(The data)

(* Let $\{\mu_t\}_{t\ge0}$ be a weakly continuous $\rhd$-convolution semigroup with $\mu_0=\delta_0$, with associated pair $(\gamma,\tau)$. The following are equivalent: (1) there exists $t_0>0$ such that $\operatorname{supp}\mu_{t_0}$ is bounded below; (2) $\operatorname{supp}\mu_t$ is bounded below for all $0\le t<\infty$; (3) $\operatorname{supp}\tau$ is bounded below.
   Context: For a probability measure $\mu$ on $\mathbb{R}$, $G_\mu(z)=\int\frac{1}{z-x}d\mu(x)$ on $\mathbb{C}^+$ and $H_\mu=1/G_\mu$; the monotone convolution $\mu\rhd\nu$ is the unique probability measure with $H_{\mu\rhd\nu}=H_\mu\circ H_\nu$. A weakly continuous $\rhd$-convolution semigroup is a family $\{\mu_t\}_{t\ge0}$ of probability measures, weakly continuous in $t$, with $\mu_s\rhd\mu_t=\mu_{s+t}$. For such a semigroup with $\mu_0=\delta_0$ there is a unique pair $(\gamma,\tau)$, $\gamma\in\mathbb{R}$, $\tau$ positive finite, such that with $A(z)=-\gamma+\int\frac{1+xz}{x-z}d\tau(x)$ the maps $H_t:=H_{\mu_t}$ solve $\frac{d}{dt}H_t(z)=A(H_t(z))$, $H_0(z)=z$, on $\mathbb{C}\setminus\mathbb{R}$ (the associated pair). *)

theory Defs
  imports "HOL-Probability.Probability"
begin

definition upper_half :: "complex set" where
  "upper_half = {z. Im z > 0}"

definition cauchy_G :: "real measure \<Rightarrow> complex \<Rightarrow> complex" where
  "cauchy_G \<mu> z = (\<integral>x. 1 / (z - complex_of_real x) \<partial>\<mu>)"

definition recip_H :: "real measure \<Rightarrow> complex \<Rightarrow> complex" where
  "recip_H \<mu> z = 1 / cauchy_G \<mu> z"

text \<open>Monotone convolution relation: nu3 = nu1 |> nu2 iff H_nu3 = H_nu1 o H_nu2 on the upper half plane
  (nu3 being a Borel probability measure; such a measure is unique).\<close>
definition is_monotone_conv :: "real measure \<Rightarrow> real measure \<Rightarrow> real measure \<Rightarrow> bool" where
  "is_monotone_conv \<mu> \<nu> \<rho> \<longleftrightarrow>
     prob_space \<rho> \<and> sets \<rho> = sets borel \<and>
     (\<forall>z\<in>upper_half. recip_H \<rho> z = recip_H \<mu> (recip_H \<nu> z))"

definition weakly_continuous_family :: "(real \<Rightarrow> real measure) \<Rightarrow> bool" where
  "weakly_continuous_family \<mu> \<longleftrightarrow>
     (\<forall>f::real \<Rightarrow> real. continuous_on UNIV f \<longrightarrow> bounded (range f) \<longrightarrow>
        continuous_on {0..} (\<lambda>t. \<integral>x. f x \<partial>\<mu> t))"

definition monotone_conv_semigroup :: "(real \<Rightarrow> real measure) \<Rightarrow> bool" where
  "monotone_conv_semigroup \<mu> \<longleftrightarrow>
     (\<forall>t\<ge>0. prob_space (\<mu> t) \<and> sets (\<mu> t) = sets borel) \<and>
     weakly_continuous_family \<mu> \<and>
     \<mu> 0 = return borel 0 \<and>
     (\<forall>s\<ge>0. \<forall>t\<ge>0. is_monotone_conv (\<mu> s) (\<mu> t) (\<mu> (s + t)))"

definition gen_A :: "real \<Rightarrow> real measure \<Rightarrow> complex \<Rightarrow> complex" where
  "gen_A \<gamma> \<tau> z = - complex_of_real \<gamma> +
     (\<integral>x. (1 + complex_of_real x * z) / (complex_of_real x - z) \<partial>\<tau>)"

(End The data)

§ **About this task**: Check each line of the data above for the word "bool" and copy the ones where it is found.

§ **Task answer**:
definition is_monotone_conv :: "real measure \<Rightarrow> real measure \<Rightarrow> real measure \<Rightarrow> bool" where
definition weakly_continuous_family :: "(real \<Rightarrow> real measure) \<Rightarrow> bool" where
definition monotone_conv_semigroup :: "(real \<Rightarrow> real measure) \<Rightarrow> bool" where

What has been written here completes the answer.